Syndactyly

Overview

Syndactyly is the most common congenital malformation of the limbs, with an incidence of 1 in 2000-3000 live births. Syndactyly can be classified as simple when it involves soft tissues only and classified as complex when it involves the bone or nail of adjacent fingers. It is a shared feature of more than 28 syndromes, including Poland, Apert, and Holt-Oram syndromes. Syndactyly is a failure of differentiation in which the fingers fail to separate into individual appendages. This separation usually occurs during the sixth and eighth weeks of embryologic development. The root words of the term syndactyly are derived from the Greek words syn, meaning together, and dactyly, meaning fingers or digits.

Causes

Syndactyly occurs in the womb as a detour on the road to developing one thumb and four separate fingers on the hand. In the womb, the new hand starts out in the shape of a paddle, then splits into separate fingers. Sometimes the fingers don't split apart enough, and webbed fingers result: syndactyly. Sometimes a extra split forms and extra fingers result: polydactyly. Syndactyly and polydactyly are about equally common disorders. Combinations of both can occur as well - webbed extra fingers. Why does a child have this? It is not due to anything the mother did during pregnancy - it just happens. Sometimes these problems are in the genes and can be passed down generation to generation, but many times there is simply no known explanation.

Treatment

Medical Therapy Syndactyly requires surgical intervention.

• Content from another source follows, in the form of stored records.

lemma radial_integral_bounded_near_0:
  assumes g: "g holomorphic_on ball 0 1" and \<alpha>: "0 \<le> \<alpha>" and b: "0 \<le> b" "b < 1"
  obtains C where "\<And>\<zeta> t. norm \<zeta> = 1 \<Longrightarrow> 0 \<le> t \<Longrightarrow> t \<le> b \<Longrightarrow> radial_integral g \<alpha> \<zeta> t \<le> C"
proof -
  have "continuous_on (ball 0 1) (deriv g)"
    by (intro holomorphic_on_imp_continuous_on holomorphic_intros g open_ball)
  then have "continuous_on (cball 0 b) (deriv g)"
    by (rule continuous_on_subset) (use b in auto)
  then have "bounded (deriv g ` cball 0 b)"
    by (intro compact_imp_bounded compact_continuous_image compact_cball)
  then obtain G where G: "\<And>w. w \<in> cball 0 b \<Longrightarrow> norm (deriv g w) \<le> G"
    unfolding bounded_iff by blast
  have pos: "0 < 1 - b^2"
    using b by (simp add: power_less_one_iff abs_square_less_1)
  define C where "C = G / (1 - b^2) powr \<alpha>"
  have "0 \<le> C"
    using G[of 0] b pos by (simp add: C_def order_trans[OF norm_ge_zero])
  have "radial_integral g \<alpha> \<zeta> t \<le> C" if \<zeta>: "norm \<zeta> = 1" and t: "0 \<le> t" "t \<le> b" for \<zeta> t
  proof -
    have "radial_integral g \<alpha> \<zeta> t \<le> integral {0..t} (\<lambda>r. C)"
      unfolding radial_integral_def
    proof (rule integral_le)
      show "(\<lambda>r. norm (deriv g (of_real r * \<zeta>)) / (1 - r^2) powr \<alpha>) integrable_on {0..t}"
        using t b by (intro integrable_continuous_interval continuous_on_radial_integrand g \<zeta>) simp
      fix r assume r: "r \<in> {0..t}"
      then have "norm (deriv g (of_real r * \<zeta>)) \<le> G"
        using t \<zeta> by (intro G) (simp add: norm_mult)
      moreover have "(1 - b^2) powr \<alpha> \<le> (1 - r^2) powr \<alpha>"
        using r t pos \<alpha> by (intro powr_mono2) (auto intro!: power_mono)
      ultimately show "norm (deriv g (of_real r * \<zeta>)) / (1 - r^2) powr \<alpha> \<le> C"
        unfolding C_def using pos by (intro frac_le) (auto intro: order_trans[OF norm_ge_zero])
    qed (rule integrable_const_ivl)
    also have "\<dots> = t * C" using t by simp
    also have "\<dots> \<le> C" using t b \<open>0 \<le> C\<close> by (simp add: mult_left_le_one_le)
    finally show ?thesis .
  qed
  then show ?thesis by (rule that)
qed

lemma radial_bound_if_Limsup_finite:
  assumes g: "g holomorphic_on ball 0 1" and \<alpha>: "0 \<le> \<alpha>" and \<beta>: "0 \<le> \<beta>"
    and Limsup: "Limsup (at_left 1) (\<lambda>t::real. SUP \<theta>\<in>{0..<2*pi}.
                   ereal ((1 - t^2) powr \<beta> * radial_integral g \<alpha> (cis \<theta>) t)) < \<infinity>"
  shows "\<exists>M. \<forall>\<theta>\<in>{0..<2*pi}. \<forall>t\<in>{0..<1}. (1 - t^2) powr \<beta> * radial_integral g \<alpha> (cis \<theta>) t \<le> M"
proof -
  let ?F = "\<lambda>t::real. SUP \<theta>\<in>{0..<2*pi}. ereal ((1 - t^2) powr \<beta> * radial_integral g \<alpha> (cis \<theta>) t)"
  obtain L :: real where "Limsup (at_left 1) ?F < ereal L"
    using Limsup less_PInf_Ex_of_nat by auto
  then have "eventually (\<lambda>t. ?F t < ereal L) (at_left 1)"
    by (rule Limsup_lessD)
  then obtain b where b: "b < 1" "\<And>t. b < t \<Longrightarrow> t < 1 \<Longrightarrow> ?F t < ereal L"
    by (auto simp: eventually_at_left_field)
  obtain C where C: "\<And>\<zeta> t. norm \<zeta> = 1 \<Longrightarrow> 0 \<le> t \<Longrightarrow> t \<le> max b 0 \<Longrightarrow> radial_integral g \<alpha> \<zeta> t \<le> C"
    using radial_integral_bounded_near_0[OF g \<alpha>, of "max b 0"] b by auto
  have "(1 - t^2) powr \<beta> * radial_integral g \<alpha> (cis \<theta>) t \<le> max L C"
    if \<theta>: "\<theta> \<in> {0..<2*pi}" and t: "t \<in> {0..<1}" for \<theta> t
  proof (cases "b < t")
    case True
    have "ereal ((1 - t^2) powr \<beta> * radial_integral g \<alpha> (cis \<theta>) t) \<le> ?F t"
      by (rule SUP_upper[OF \<theta>])
    also have "\<dots> < ereal L" using b(2)[OF True] t by simp
    finally show ?thesis by simp
  next
    case False
    have I: "0 \<le> radial_integral g \<alpha> (cis \<theta>) t" "radial_integral g \<alpha> (cis \<theta>) t \<le> C"
      using radial_integral_nonneg[OF g, of "cis \<theta>" t] C[of "cis \<theta>" t] False t by auto
    have "(1 - t^2) powr \<beta> \<le> 1"
      using t \<beta> by (intro powr_le1) (auto simp: power_le_one)
    then have "(1 - t^2) powr \<beta> * radial_integral g \<alpha> (cis \<theta>) t \<le> radial_integral g \<alpha> (cis \<theta>) t"
      using I(1) by (simp add: mult_left_le_one_le)
    then show ?thesis using I(2) by simp
  qed
  then show ?thesis by blast
qed

lemma Limsup_radial_finite_iff:
  assumes g: "g holomorphic_on ball 0 1" and \<alpha>: "0 \<le> \<alpha>" and \<beta>: "0 \<le> \<beta>"
  shows "Limsup (at_left 1) (\<lambda>t::real. SUP \<theta>\<in>{0..<2*pi}.
             ereal ((1 - t^2) powr \<beta> * radial_integral g \<alpha> (cis \<theta>) t)) < \<infinity>
     \<longleftrightarrow> (\<exists>M. \<forall>\<theta>\<in>{0..<2*pi}. \<forall>t\<in>{0..<1}. (1 - t^2) powr \<beta> * radial_integral g \<alpha> (cis \<theta>) t \<le> M)"
    (is "Limsup _ ?F < \<infinity> \<longleftrightarrow> ?bounded")
proof
  assume "Limsup (at_left 1) ?F < \<infinity>"
  then show ?bounded
    by (rule radial_bound_if_Limsup_finite[OF g \<alpha> \<beta>])
next
  assume ?bounded
  then obtain M where M: "\<And>\<theta> t. \<theta> \<in> {0..<2*pi} \<Longrightarrow> t \<in> {0..<1} \<Longrightarrow>
      (1 - t^2) powr \<beta> * radial_integral g \<alpha> (cis \<theta>) t \<le> M" by blast
  have "eventually (\<lambda>t. ?F t \<le> ereal M) (at_left 1)"
    unfolding eventually_at_left_field
    by (rule exI[of _ 0]) (auto intro!: SUP_least M)
  then have "Limsup (at_left 1) ?F \<le> ereal M"
    by (rule Limsup_bounded)
  then show "Limsup (at_left 1) ?F < \<infinity>"
    using le_less_trans by fastforce
qed

section \<open>Test functions from a Bloch logarithm of \<open>g'\<close>\<close>

lemma bloch_radial_lipschitz:
  fixes h :: "complex \<Rightarrow> complex"
  assumes h: "h holomorphic_on ball 0 1"
    and bloch: "\<And>z. z \<in> ball 0 1 \<Longrightarrow> (1 - norm z ^ 2) * norm (deriv h z) \<le> B"
    and \<zeta>: "norm \<zeta> = 1" and a: "0 \<le> a" and b: "0 \<le> b"
  shows "norm (h (of_real (1 - exp (-a)) * \<zeta>) - h (of_real (1 - exp (-b)) * \<zeta>)) \<le> B * \<bar>a - b\<bar>"
proof -
  define \<gamma> where "\<gamma> s = of_real (1 - exp (-s)) * \<zeta>" for s
  define D where "D s = of_real (exp (-s)) * \<zeta> * deriv h (\<gamma> s)" for s
  have norm_\<gamma>: "norm (\<gamma> s) = 1 - exp (-s)" if "0 \<le> s" for s
    unfolding \<gamma>_def norm_mult norm_of_real \<zeta> using that by simp
  have \<gamma>_in: "\<gamma> s \<in> ball 0 1" if "0 \<le> s" for s
    using norm_\<gamma>[OF that] by simp
  have derivative: "((\<lambda>s. h (\<gamma> s)) has_vector_derivative D s) (at s)" if s: "0 \<le> s" for s
  proof -
    have "(\<gamma> has_vector_derivative of_real (exp (-s)) * \<zeta>) (at s)"
      unfolding \<gamma>_def[abs_def] by (auto intro!: derivative_eq_intros)
    moreover have "(h has_field_derivative deriv h (\<gamma> s)) (at (\<gamma> s))"
      using holomorphic_derivI[OF h open_ball \<gamma>_in[OF s]] by simp
    ultimately have "((h \<circ> \<gamma>) has_vector_derivative of_real (exp (-s)) * \<zeta> * deriv h (\<gamma> s)) (at s)"
      by (rule field_vector_diff_chain_at)
    then show ?thesis
      by (simp add: D_def o_def)
  qed
  have D_le: "norm (D s) \<le> B" if s: "0 \<le> s" for s
  proof -
    define r where "r = 1 - exp (-s)"
    have r: "0 \<le> r" "r < 1" "norm (\<gamma> s) = r"
      using s norm_\<gamma>[OF s] by (auto simp: r_def)
    have "norm (D s) = (1 - r) * norm (deriv h (\<gamma> s))"
      using \<zeta> by (simp add: D_def r_def norm_mult)
    also have "\<dots> \<le> (1 - r^2) * norm (deriv h (\<gamma> s))"
      using r by (intro mult_right_mono) (auto simp: power2_eq_square mult_left_le)
    also have "\<dots> \<le> B"
      using bloch[OF \<gamma>_in[OF s]] r by simp
    finally show ?thesis .
  qed
  have "norm (h (\<gamma> a) - h (\<gamma> b)) \<le> B * norm (a - b)"
  proof (rule differentiable_bound[of "{0..}" _ "\<lambda>s e. e *\<^sub>R D s"])
    fix s :: real assume "s \<in> {0..}"
    then show "((\<lambda>s. h (\<gamma> s)) has_derivative (\<lambda>e. e *\<^sub>R D s)) (at s within {0..})"
      using derivative[of s] by (auto simp: has_vector_derivative_def intro: has_derivative_at_withinI)
    show "onorm (\<lambda>e. e *\<^sub>R D s) \<le> B"
      using D_le[of s] \<open>s \<in> {0..}\<close> by (simp add: onorm_scaleR_left[OF bounded_linear_ident] onorm_id)
  qed (use a b in auto)
  then show ?thesis by (simp add: \<gamma>_def)
qed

Full-term infants can be scheduled for elective surgical procedures as early as 5 or 6 months of age. Surgery before this age can increase anesthetic risks. Prior to that time, there is generally no intervention necessary if there are no problems. If there is an associated paronychia (see Image 26), which can occur with complex syndactyly, the parents are given instructions to wash the child's hands thoroughly with soap and water and to apply a topical antibacterial solution or ointment. Oral antibiotics are given when indicated. Surgical Therapy The timing of surgery is variable. However, if more fingers are involved and the syndactyly is more complex, release should be performed earlier. Early release can prevent the malrotation and angulation that develops from differential growth rates of the involved fingers.